There is this problem that I encountered in the book problem Solving strategies on page 7, as an example.
"Start with a sequence $S = (a,b,c,d)$ of positive integers and find the derived sequence $S_1 = T(S) = (|a-b|,|b-c|,|c-d|,|d-a|)$. Does the sequence $S,S_1,S_2=T(S_1),S_3=T(S_2),...$ always end up with $(0,0,0,0)$?"
I understood the solution for this, however following this, there are a few variants that are asked further
"Replace the number of terms by $2^r$ for any integer $r>0$ instead of 4. Prove that we always reach $(0,0,0,....)$ and for number terms not equal to $2^r$ we get (up to some exceptions) a cycle containing just two numbers: 0 and evenly often some number $a$"

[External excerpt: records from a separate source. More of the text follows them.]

(* If the positive part R = sum_{i ~= k} v_i^2 / lam_i of <Q^-1 v,v> is positive, the
   boundary point with x_k = 1 and x_i = -s v_i / lam_i (s^2 R = -lam_k) lies in the cone
   and makes x . v as small as v_k - sqrt(-lam_k R). *)
lemma cone_witness:
  assumes R_pos: "(\<Sum>i\<in>UNIV - {k}. (v \<bullet> u i)\<^sup>2 / lam i) > 0"
  shows "\<exists>x\<in>CL Q (u k).
           x \<bullet> v = v \<bullet> u k - sqrt (- lam k * (\<Sum>i\<in>UNIV - {k}. (v \<bullet> u i)\<^sup>2 / lam i))"
proof -
  define R where "R = (\<Sum>i\<in>UNIV - {k}. (v \<bullet> u i)\<^sup>2 / lam i)"
  define s where "s = sqrt (- lam k / R)"
  define e where "e i = (if i = k then 1 else - s * (v \<bullet> u i) / lam i)" for i
  define x where "x = (\<Sum>i\<in>UNIV. e i *\<^sub>R u i)"
  have R0: "R > 0" using R_pos unfolding R_def .
  have "- lam k / R > 0" using R0 neg by (simp add: divide_neg_pos)
  then have s2: "s\<^sup>2 * R = - lam k" unfolding s_def using R0 by simp
  have x_coord: "x \<bullet> u j = e j" for j unfolding x_def by (rule eigencoords_of_combination)
  have "lam i * (e i)\<^sup>2 = s\<^sup>2 * ((v \<bullet> u i)\<^sup>2 / lam i)"
       "e i * (v \<bullet> u i) = - s * ((v \<bullet> u i)\<^sup>2 / lam i)" if "i \<noteq> k" for i
    using that lam_nonzero[of i] unfolding e_def by (simp_all add: power2_eq_square field_simps)
  then have off_k: "(\<Sum>i\<in>UNIV - {k}. lam i * (e i)\<^sup>2) = s\<^sup>2 * R"
                   "(\<Sum>i\<in>UNIV - {k}. e i * (v \<bullet> u i)) = - s * R"
    unfolding R_def by (simp_all add: sum_distrib_left)
  have "x \<bullet> (Q *v x) = lam k + s\<^sup>2 * R"
    unfolding quad_eigencoords x_coord sum.remove[OF finite UNIV_I, of _ k] off_k
    by (simp add: e_def)
  then have "x \<in> CL Q (u k)" using s2 x_coord[of k] unfolding CL_eq e_def by simp
  moreover have "x \<bullet> v = v \<bullet> u k - s * R"
    unfolding inner_eigencoords[of x v] x_coord sum.remove[OF finite UNIV_I, of _ k] off_k
    by (simp add: e_def)
  moreover have "s * R = sqrt (- lam k * R)"
  proof -
    have "s * R = sqrt (- lam k / R) * sqrt (R\<^sup>2)" unfolding s_def using R0 by simp
    also have "\<dots> = sqrt (- lam k / R * R\<^sup>2)" by (rule real_sqrt_mult[symmetric])
    also have "- lam k / R * R\<^sup>2 = - lam k * R" using R0 by (simp add: power2_eq_square)
    finally show ?thesis .
  qed
  ultimately show ?thesis unfolding R_def by metis
qed

(* The dual cone is contained in {v. v_k >= 0, <Q^-1 v,v> <= 0}: u_k is in the cone,
   and otherwise the witness above has negative inner product with v. *)
lemma dual_cone_necessary:
  assumes dual: "\<forall>x\<in>CL Q (u k). x \<bullet> v \<ge> 0"
  shows "v \<bullet> u k \<ge> 0 \<and> v \<bullet> (matrix_inv Q *v v) \<le> 0"
proof
  have "u k \<bullet> (Q *v u k) = lam k"
    using Q_coord[of "u k" k] orth[of k k] by (simp add: inner_commute)
  then have "u k \<in> CL Q (u k)" using neg orth[of k k] unfolding CL_eq by simp
  then show "v \<bullet> u k \<ge> 0" using dual by (metis inner_commute)
  show "v \<bullet> (matrix_inv Q *v v) \<le> 0"
  proof (rule ccontr)
    define R where "R = (\<Sum>i\<in>UNIV - {k}. (v \<bullet> u i)\<^sup>2 / lam i)"
    assume "\<not> v \<bullet> (matrix_inv Q *v v) \<le> 0"
    then have "0 < (v \<bullet> u k)\<^sup>2 / lam k + R"
      unfolding inv_quad_eigencoords sum.remove[OF finite UNIV_I, of _ k] R_def by simp
    then have lt: "(v \<bullet> u k)\<^sup>2 < - lam k * R"
      using neg by (simp add: field_simps)
    then have "0 < - lam k * R" using zero_le_power2[of "v \<bullet> u k"] by linarith
    then have "R > 0" using neg by (simp add: mult_less_0_iff)
    then obtain x where "x \<in> CL Q (u k)" and xv: "x \<bullet> v = v \<bullet> u k - sqrt (- lam k * R)"
      using cone_witness unfolding R_def by blast
    moreover have "v \<bullet> u k < sqrt (- lam k * R)"
      using real_less_rsqrt[OF lt] .
    ultimately show False using dual xv by (metis diff_less_0_iff_less not_le)
  qed
qed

"Let number of terms not be equal to $2^r$ and c(n) be the cycle length. Prove that $c(2n)=2c(n)$(upto some exceptions)"
"Prove that for an odd number of terms , $S = (0,0,....,1,1)$ always lies on a cycle"
A cycle means the sequence of operations done till the same number occurs.
For the last one, the sequence S refers to modulo 2 of the number appearing in the actually sequence.
Please help in solving them, I also am not able to understand why are there exceptions, do they crop somewhere while proving it?
Thanks in advance!!